*Work to be completed*. In the records below, find the line that contains "Tk S \<and>" and the line that contains "onto the closed". Set down exactly those lines and every line between them, and nothing more.

START Supplied records

(* Let $\mathbb{T}$ be a time scale and $\alpha\in(0,1]$. Suppose $f:\mathbb{T}\to\mathbb{R}$ is strictly increasing, $\tilde{\mathbb{T}}:=\mathrm{Ran}(f)$ is a time scale, and $f$ is continuously nabla fractional differentiable of order $1$ at each point of $\mathbb{T}^k$. If $f^{-1}:\tilde{\mathbb{T}}\to\mathbb{T}$ exists, then for $t\in\tilde{\mathbb{T}}^k$ with $\big(\nabla^{(1)}f\big)(f^{-1}(t))\neq 0$, $$\nabla^{(\alpha)}f^{-1}(t)=\begin{cases}\dfrac{(\nu(t))^{1-\alpha}}{\big(\nabla^{(1)}f\big)(f^{-1}(t))} & \text{if } \alpha\neq 1,\\[2ex] \dfrac{1}{\big(\nabla^{(1)}f\big)(f^{-1}(t))} & \text{if } \alpha=1,\end{cases}$$ where $\nu$ and $\nabla^{(\alpha)}f^{-1}$ are computed on the time scale $\tilde{\mathbb{T}}$ and $\nabla^{(1)}f$ on $\mathbb{T}$.
   Context: A time scale is a nonempty closed subset of $\mathbb{R}$ with the relative topology. On a time scale $\mathbb{S}$, for $t\in\mathbb{S}$: $\rho(t)=\sup\{s\in\mathbb{S}:s<t\}$, $\sigma(t)=\inf\{s\in\mathbb{S}:s>t\}$, $\nu(t)=t-\rho(t)$. If $\mathbb{S}$ has a minimum $m$ with $\sigma(m)>m$ then $\mathbb{S}^k=\mathbb{S}\setminus\{m\}$, else $\mathbb{S}^k=\mathbb{S}$. $U_\delta(t)=(t-\delta,t+\delta)\cap\mathbb{S}$, $U^-_\delta(t)=(t-\delta,t)\cap\mathbb{S}$. Let $Q=\{1/q: q \text{ an odd positive integer}\}$; for $\alpha\in Q$, $x^\alpha$ is the real $q$-th root. Definition: $h:\mathbb{S}\to\mathbb{R}$ is nabla fractional differentiable of order $\alpha$ at $t\in\mathbb{S}^k$ if there is $L\in\mathbb{R}$ such that for every $\varepsilon>0$ there is $\delta>0$ with $|[h(\rho(t))-h(s)]-L[\rho(t)-s]^\alpha|\le\varepsilon|\rho(t)-s|^\alpha$ for all $s\in U_\delta(t)$ if $\alpha\in Q$, resp. all $s\in U^-_\delta(t)$ if $\alpha\notin Q$; then $\nabla^{(\alpha)}h(t):=L$. "Continuously nabla fractional differentiable of order $1$ at each point of $\mathbb{T}^k$" means nabla fractional differentiable of order $1$ at every point of $\mathbb{T}^k$ with $\nabla^{(1)}f$ continuous there. *)

theory Defs
  imports "HOL-Analysis.Analysis"
begin

definition time_scale :: "real set \<Rightarrow> bool" where
  "time_scale S \<longleftrightarrow> S \<noteq> {} \<and> closed S"

definition rho :: "real set \<Rightarrow> real \<Rightarrow> real" where
  "rho S t = (if {s\<in>S. s < t} = {} then t else Sup {s\<in>S. s < t})"

definition sigma :: "real set \<Rightarrow> real \<Rightarrow> real" where
  "sigma S t = (if {s\<in>S. s > t} = {} then t else Inf {s\<in>S. s > t})"

definition nu :: "real set \<Rightarrow> real \<Rightarrow> real" where
  "nu S t = t - rho S t"

definition Tk :: "real set \<Rightarrow> real set" where
  "Tk S = (if \<exists>m\<in>S. (\<forall>s\<in>S. m \<le> s) \<and> sigma S m > m
           then S - {m. m \<in> S \<and> (\<forall>s\<in>S. m \<le> s)} else S)"

definition U_nbhd :: "real set \<Rightarrow> real \<Rightarrow> real \<Rightarrow> real set" where
  "U_nbhd S \<delta> t = {t - \<delta> <..< t + \<delta>} \<inter> S"

definition U_left :: "real set \<Rightarrow> real \<Rightarrow> real \<Rightarrow> real set" where
  "U_left S \<delta> t = {t - \<delta> <..< t} \<inter> S"

definition Qset :: "real set" where
  "Qset = {1 / real q | q. odd q \<and> q > 0}"

text \<open>x^alpha: real q-th root for alpha = 1/q in Q, otherwise powr
  (only applied to nonnegative arguments in that case).\<close>
definition frac_pow :: "real \<Rightarrow> real \<Rightarrow> real" where
  "frac_pow \<alpha> x = (if \<alpha> \<in> Qset then root (THE q. odd q \<and> q > 0 \<and> \<alpha> = 1 / real q) x
                    else x powr \<alpha>)"

definition has_nabla_frac_deriv ::
  "real set \<Rightarrow> real \<Rightarrow> (real \<Rightarrow> real) \<Rightarrow> real \<Rightarrow> real \<Rightarrow> bool" where
  "has_nabla_frac_deriv S \<alpha> h t L \<longleftrightarrow> t \<in> Tk S \<and>
     (\<forall>\<epsilon>>0. \<exists>\<delta>>0. \<forall>s \<in> (if \<alpha> \<in> Qset then U_nbhd S \<delta> t else U_left S \<delta> t).
        \<bar>(h (rho S t) - h s) - L * frac_pow \<alpha> (rho S t - s)\<bar>
          \<le> \<epsilon> * (\<bar>rho S t - s\<bar> powr \<alpha>))"

end

theory Submission
  imports Defs
begin

(* Let x be the preimage of t and p = rho x. A strictly increasing f maps T order-isomorphically
   onto the closed set f`T, so it carries rho, sigma and T^k over, and its inverse g is continuous.
   If x is left-scattered, the order-1 nabla derivative of f at x is the chord slope
   (f p - f x) / (p - x); near t the time scale f`T has no points in (f p, t), so the fractional
   difference quotient of g only has to be controlled for s >= t, where it is continuous in s and
   exact at s = t with value nu^(1-alpha) / f'(x). If x is left-dense, the order-1 nabla derivative
   is the ordinary derivative within T: the classical inverse function rule gives the case
   alpha = 1, and for alpha < 1 the bound |g s - g t| <= K |s - t| = o(|s - t|^alpha) gives the
   derivative 0. *)

lemma rho_le: "rho S t \<le> t"
  unfolding rho_def by (auto intro: cSup_least)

END Supplied records

*Answer to the exercise*.
  "has_nabla_frac_deriv S \<alpha> h t L \<longleftrightarrow> t \<in> Tk S \<and>
     (\<forall>\<epsilon>>0. \<exists>\<delta>>0. \<forall>s \<in> (if \<alpha> \<in> Qset then U_nbhd S \<delta> t else U_left S \<delta> t).
        \<bar>(h (rho S t) - h s) - L * frac_pow \<alpha> (rho S t - s)\<bar>
          \<le> \<epsilon> * (\<bar>rho S t - s\<bar> powr \<alpha>))"

end

theory Submission
  imports Defs
begin

(* Let x be the preimage of t and p = rho x. A strictly increasing f maps T order-isomorphically
   onto the closed set f`T, so it carries rho, sigma and T^k over, and its inverse g is continuous.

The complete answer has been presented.